“Let anyone while he is young and has strong and steady nerves, a quick eye and patience to learn his business thoroughly, try it, and perhaps he will not repent. Let him begin by learning the uses, places and combination of the harness to the last buckle. Then if he can find a good professor, let him sit beside him, watch, listen and learn.... Then he may go far and certainly might fare worse.” Major-General Sir C. Teesdale.
These two photos showing Mr. J. Watson Webb driving the homemade tandem practice cart were taken about 1903 in Shelburne, Vermont. The two horses are Mary (leader) and Auburn Maid (wheeler).
“GOING-TO-COVER” CART
Black and white with red gear. Trimmed in eggshell corduroy.
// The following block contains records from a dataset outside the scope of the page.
(* Let $n,N\ge1$ and positive integers $r_1,\dots,r_N,r$ with $r_i\le r\le\lfloor(n-1)/2\rfloor$; let $f:\mathbb{R}^{Nn}\to\mathbb{R}$ be nonnegative, level-bounded and continuously differentiable with Lipschitz gradient; let $(k,\mathcal{A}_i,\Omega,C_i)$ be given by one of Variants I, II, III in the context, and for $\lambda>0$ let $$F_\lambda(y)=f(y)+\delta_\Omega(y)+\sum_{i=1}^k\frac1{2\lambda}\mathrm{dist}^2(\mathcal{A}_i(y),C_i).$$ Consider the penalty method: pick positive sequences $\epsilon_t\downarrow0$ and $\lambda_t\downarrow0$, a number $\bar\lambda\ge0$, a point $y^{\rm feas}\in\Omega$ with $\mathcal{A}_i(y^{\rm feas})\in C_i$ for all $i$, and $y^0\in\Omega$. For $t=0,1,\dots$: set $y^{t,0}=y^t$ if $F_{\lambda_t}(y^t)\le F_{\lambda_t}(y^{\rm feas})$ and $y^{t,0}=y^{\rm feas}$ otherwise; run the vNPG$_{\rm major}$ algorithm (described in the context) for $F_{\lambda_t}$ from $y^{t,0}$ and stop at an iterate $y^{t,l_t}$ satisfying $$\|y^{t,l_t+1}-y^{t,l_t}\|\le\epsilon_t,\quad F_{\lambda_t}(y^{t,l_t})\le F_{\lambda_t}(y^{t,0}),$$ $$\mathrm{dist}\Big(0,\nabla f(y^{t,l_t})+N_\Omega(y^{t,l_t+1})+\sum_{i=1}^k\frac1{\lambda_t}\mathcal{A}_i^*\big(\mathcal{A}_i(y^{t,l_t})-\mathcal{P}_{C_i}(\mathcal{A}_i(y^{t,l_t}))\big)\Big)\le\epsilon_t;$$ set $y^{t+1}=y^{t,l_t}$; if $\lambda_{t+1}<\bar\lambda$ and $\bar\lambda>0$, stop. Then for every $t\ge1$ for which $y^t$ is generated and every $i=1,\dots,k$, $$\mathrm{dist}(\mathcal{A}_i(y^t),C_i)\le\sqrt{2\lambda_{t-1}f(y^{\rm feas})}.$$
   Context: For $x\in\mathbb{R}^n$ and $1\le l\le n$, $\mathcal{H}_l(x)\in\mathbb{R}^{l\times(n-l+1)}$ has $(i,j)$ entry $x(i+j-1)$. For $y=(y_1^\top,\dots,y_N^\top)^\top$, $\mathcal{L}_i(y)=\mathcal{H}_{r_i+1}(y_i)$ and $\mathcal{L}(y)=[\mathcal{H}_{r+1}(y_1)\cdots\mathcal{H}_{r+1}(y_N)]$. Variant I: $k=1$, $\mathcal{A}_1=\mathcal{L}$, $\Omega=\{y:\mathrm{rank}\,\mathcal{L}_i(y)\le r_i\ \forall i\}$, $C_1=\{Y:\mathrm{rank}\,Y\le r\}$. Variant II: $k=N$, $\mathcal{A}_i=\mathcal{L}_i$, $\Omega=\{y:\mathrm{rank}\,\mathcal{L}(y)\le r\}$, $C_i=\{Y:\mathrm{rank}\,Y\le r_i\}$. Variant III: $k=N+1$, $\mathcal{A}_i=\mathcal{L}_i$ ($i\le N$), $\mathcal{A}_{N+1}=\mathcal{L}$, $\Omega=\mathbb{R}^{Nn}$, $C_i=\{Y:\mathrm{rank}\,Y\le r_i\}$ ($i\le N$), $C_{N+1}=\{Y:\mathrm{rank}\,Y\le r\}$. Matrix distances/projections use the Frobenius norm; $N_\Omega$ is the limiting normal cone; $\delta_\Omega$ the indicator function. Pseudo-projection $\mathcal{P}^s_\Omega(x;u)$ ($u\in\Omega$): all $y\in\Omega$ with $x-y\in N_\Omega(y)$ and $\|y-x\|\le\|u-x\|$. vNPG$_{\rm major}$ for $F_\lambda$ from a starting point $y^0\in\Omega$, with $h(y)=f(y)+\sum_i\frac1{2\lambda}\|\mathcal{A}_i(y)\|_F^2$ and parameters $L_{\max}>L_{\min}>0$, $\tau>1$, $c>0$, integer $M\ge0$: at iteration $l$ pick $\xi^l\in\sum_i\frac1\lambda\mathcal{A}_i^*(\mathcal{P}_{C_i}(\mathcal{A}_i(y^l)))$, $L_l^0\in[L_{\min},L_{\max}]$, and for $i=0,1,\dots$ take $u_i^l\in\mathcal{P}^s_\Omega(y^l-\frac1{L_l^0\tau^i}(\nabla h(y^l)-\xi^l);y^l)$ until $F_\lambda(u_i^l)\le\max_{[l-M]_+\le j\le l}F_\lambda(y^j)-\frac c2\|u_i^l-y^l\|^2$; then $y^{l+1}=u_i^l$. *)

theory Defs
  imports "HOL-Analysis.Analysis"
begin

text \<open>The space R^(Nn) is the Euclidean space (real^'n::enum)^'N::enum, with n = CARD('n) and
 N = CARD('N); block y_i is y $ i.  Both index types carry an enumeration
 (class enum) which fixes the identification of 'n with {1..n} (entry k+1 is
 x $ elt k) and the order of the blocks in the concatenation L(y).
 Matrices are functions nat => nat => real (0-indexed) together with explicit
 dimensions p x q; entries outside the dimensions are irrelevant/zero.
 The k maps A_i are indexed by 'N option: Some b stands for L_b, None for L.\<close>

type_synonym mat = "nat \<Rightarrow> nat \<Rightarrow> real"

definition elt :: "nat \<Rightarrow> 'a::enum" where
  "elt k = enum_class.enum ! k"

definition mspace :: "nat \<Rightarrow> nat \<Rightarrow> mat set" where
  "mspace p q = {Y. \<forall>a b. (p \<le> a \<or> q \<le> b) \<longrightarrow> Y a b = 0}"

definition frob_inner :: "nat \<Rightarrow> nat \<Rightarrow> mat \<Rightarrow> mat \<Rightarrow> real" where
  "frob_inner p q X Y = (\<Sum>a<p. \<Sum>b<q. X a b * Y a b)"

definition fro :: "nat \<Rightarrow> nat \<Rightarrow> mat \<Rightarrow> real" where
  "fro p q X = sqrt (\<Sum>a<p. \<Sum>b<q. (X a b)\<^sup>2)"

definition mminus :: "mat \<Rightarrow> mat \<Rightarrow> mat" where
  "mminus X Y = (\<lambda>a b. X a b - Y a b)"

definition cols_indep :: "nat \<Rightarrow> mat \<Rightarrow> nat set \<Rightarrow> bool" where
  "cols_indep p X J \<longleftrightarrow>
     (\<forall>c::nat \<Rightarrow> real. (\<forall>a<p. (\<Sum>j\<in>J. c j * X a j) = 0) \<longrightarrow> (\<forall>j\<in>J. c j = 0))"

definition mrank :: "nat \<Rightarrow> nat \<Rightarrow> mat \<Rightarrow> nat" where
  "mrank p q X = Max {card J | J. J \<subseteq> {..<q} \<and> cols_indep p X J}"

definition mdist :: "nat \<Rightarrow> nat \<Rightarrow> mat \<Rightarrow> mat set \<Rightarrow> real" where
  "mdist p q X C = Inf ((\<lambda>Y. fro p q (mminus X Y)) ` C)"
This dog cart was one of the types approved for tandem driving by the Tandem Club of New York. In design it was copied from a dog cart shown in the print by C. C. Henderson entitled Going-to-Cover, which has been described by authorities as a truly ideal sporting picture of the tandem team. Originally the dogs would have been taken to cover in the capacious boot which was ventilated on either side with louvered spaces.
Tandem driving was practiced by the ladies as well as by gentlemen, and in fact Lady Georgiana Curzon wrote the tandem chapter in Driving, the volume on that sport written for the Badminton Library of Sports and Pastimes, published in 1889.
This cart was built by Brewster and Company of New York.